lemma Theta_fun_upd_basis_vecs:
  fixes d k :: nat
  assumes "k < d" and "\<And>j. j < d \<Longrightarrow> j \<noteq> k \<Longrightarrow> p j \<in> {1..n}"
    and "(\<Sum>j\<in>{..<d}-{k}. p j) \<le> (d - 1) * n + 1"
  shows "Theta d n ((\<lambda>j. basis_vec (p j))(k := w))
    = coeff (vec_poly n w) ((d - 1) * n + 1 - (\<Sum>j\<in>{..<d}-{k}. p j))"
proof -
  have "(\<Prod>j\<in>{..<d}-{k}. vec_poly n (basis_vec (p j)) :: 'a poly) = (\<Prod>j\<in>{..<d}-{k}. monom 1 (p j))"
    by (rule prod.cong) (use assms(2) in \<open>auto simp: vec_poly_basis_vec\<close>)
  also have "\<dots> = monom 1 (\<Sum>j\<in>{..<d}-{k}. p j)"
    by (simp add: prod_monom)
  finally show ?thesis
    unfolding Theta_eq_coeff_prod prod_vec_poly_fun_upd[OF assms(1)]
    using assms(3) by (simp add: mult.commute[of _ "monom 1 _"] coeff_monom_mult)
qed

lemma centre_entry_eq:
  assumes "d \<ge> 3" and f: "f \<in> centre d n" and a: "a \<in> {1..n}" and i: "i \<in> {1..n}"
  shows "f a i = (if a \<le> i then f (n + a - i) n else 0)"
proof -
  obtain D where D: "d = D + 3"
    using assms(1) by (metis add.commute le_iff_add)
  (* Test the centre condition on v_i, v_n, v_(n+1-a), v_n, ..., v_n: applying f in slot 0
     reads off f a i, applying it in slot 1 reads off f (n + a - i) n. *)
  define p where "p j = (if j = 0 then i else if j = 2 then n + 1 - a else n)" for j :: nat
  have p_range: "p j \<in> {1..n}" for j
    using a i by (auto simp: p_def)
  have others: "(\<Sum>j\<in>{..<d}-{k}. p j) = p (1 - k) + (n + 1 - a) + D * n" if "k \<in> {0, 1}" for k
  proof -
    have "{..<d}-{k} = insert (1 - k) (insert 2 {3..<d})" and "1 - k \<notin> insert 2 {3..<d}"
      using that D by auto
    then show ?thesis
      by (simp add: p_def D)
  qed
  let ?u = "\<lambda>j. basis_vec (p j) :: nat \<Rightarrow> 'a"
  have s0: "(\<Sum>j\<in>{..<d}-{0}. p j) \<le> (d - 1) * n + 1"
    "(d - 1) * n + 1 - (\<Sum>j\<in>{..<d}-{0}. p j) = a"
    using others[of 0] a D by (simp_all add: p_def algebra_simps)
  have "Theta d n (?u(0 := mapply n f (?u 0))) = coeff (vec_poly n (mapply n f (?u 0))) a"
    unfolding s0(2)[symmetric] by (rule Theta_fun_upd_basis_vecs) (use D p_range s0 in auto)
  also have "\<dots> = f a i"
    using a i by (simp add: coeff_vec_poly mapply_basis_vec p_def)
  finally have slot0: "Theta d n (?u(0 := mapply n f (?u 0))) = f a i" .
  have s1: "(\<Sum>j\<in>{..<d}-{1}. p j) \<le> (d - 1) * n + 1"
    "(d - 1) * n + 1 - (\<Sum>j\<in>{..<d}-{1}. p j) = n + a - i"
    using others[of 1] a i D by (auto simp: p_def algebra_simps)
  have "Theta d n (?u(1 := mapply n f (?u 1))) = coeff (vec_poly n (mapply n f (?u 1))) (n + a - i)"
    unfolding s1(2)[symmetric] by (rule Theta_fun_upd_basis_vecs) (use D p_range s1 in auto)
  also have "\<dots> = (if a \<le> i then f (n + a - i) n else 0)"
    using a i by (auto simp: coeff_vec_poly mapply_basis_vec p_def)
  finally have slot1: "Theta d n (?u(1 := mapply n f (?u 1))) = (if a \<le> i then f (n + a - i) n else 0)" .
  have "\<forall>j<d. ?u j \<in> vecs n"
    using p_range by (simp add: basis_vec_in_vecs)
  moreover have "Theta d n (u(0 := mapply n f (u 0))) = Theta d n (u(1 := mapply n f (u 1)))"
    if "\<forall>j<d. u j \<in> vecs n" for u
    using f that unfolding centre_def by blast
  ultimately show ?thesis
    using slot0 slot1 by metis
qed

lemma poly_mat_eqI:
  assumes "M \<in> mats n"
    and "\<And>i j. i \<in> {1..n} \<Longrightarrow> j \<in> {1..n} \<Longrightarrow> M i j = (if i \<le> j then c (j - i) else 0)"
  shows "M = poly_mat n (\<Sum>t<n. monom (c t) t)"
proof (intro ext)
  fix i j
  show "M i j = poly_mat n (\<Sum>t<n. monom (c t) t) i j"
    using assms by (cases "i \<in> {1..n} \<and> j \<in> {1..n}") (auto simp: mats_def poly_mat_def coeff_sum)
qed

lemma centre_eq_range_poly_mat:
  assumes "d \<ge> 3"
  shows "centre d n = range (poly_mat n)"
proof (intro equalityI subsetI)
  fix f :: "nat \<Rightarrow> nat \<Rightarrow> 'a"
  assume f: "f \<in> centre d n"
  have "f \<in> mats n"
    using f by (simp add: centre_def)
  then have "f = poly_mat n (\<Sum>t<n. monom (f (n - t) n) t)"
    by (rule poly_mat_eqI) (auto simp: centre_entry_eq[OF assms f] intro!: arg_cong[where f = "\<lambda>x. f x n"])
  then show "f \<in> range (poly_mat n)"
    by (rule image_eqI) simp
next
  fix f :: "nat \<Rightarrow> nat \<Rightarrow> 'a"
  assume "f \<in> range (poly_mat n)"
  then show "f \<in> centre d n"
    using assms poly_mat_in_centre[of d n] by auto
qed

lemma poly_mat_1: "poly_mat n 1 = mone n"
  by (intro ext) (auto simp: poly_mat_def mone_def)

lemma poly_mat_add: "(\<lambda>i j. poly_mat n p i j + poly_mat n q i j) = poly_mat n (p + q)"
  by (intro ext) (auto simp: poly_mat_def)

lemma poly_mat_smult: "(\<lambda>i j. c * poly_mat n p i j) = poly_mat n (smult c p)"
  by (intro ext) (auto simp: poly_mat_def)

#### Aim of the exercise:
Begin at the line containing "j = poly_mat" and reproduce every line through the last one in the records above, exactly.

#### Response:
  show "M i j = poly_mat n (\<Sum>t<n. monom (c t) t) i j"
    using assms by (cases "i \<in> {1..n} \<and> j \<in> {1..n}") (auto simp: mats_def poly_mat_def coeff_sum)
qed

lemma centre_eq_range_poly_mat:
  assumes "d \<ge> 3"
  shows "centre d n = range (poly_mat n)"
proof (intro equalityI subsetI)
  fix f :: "nat \<Rightarrow> nat \<Rightarrow> 'a"
  assume f: "f \<in> centre d n"
  have "f \<in> mats n"
    using f by (simp add: centre_def)
  then have "f = poly_mat n (\<Sum>t<n. monom (f (n - t) n) t)"
    by (rule poly_mat_eqI) (auto simp: centre_entry_eq[OF assms f] intro!: arg_cong[where f = "\<lambda>x. f x n"])
  then show "f \<in> range (poly_mat n)"
    by (rule image_eqI) simp
next
  fix f :: "nat \<Rightarrow> nat \<Rightarrow> 'a"
  assume "f \<in> range (poly_mat n)"
  then show "f \<in> centre d n"
    using assms poly_mat_in_centre[of d n] by auto
qed

lemma poly_mat_1: "poly_mat n 1 = mone n"
  by (intro ext) (auto simp: poly_mat_def mone_def)

lemma poly_mat_add: "(\<lambda>i j. poly_mat n p i j + poly_mat n q i j) = poly_mat n (p + q)"
  by (intro ext) (auto simp: poly_mat_def)

lemma poly_mat_smult: "(\<lambda>i j. c * poly_mat n p i j) = poly_mat n (smult c p)"
  by (intro ext) (auto simp: poly_mat_def)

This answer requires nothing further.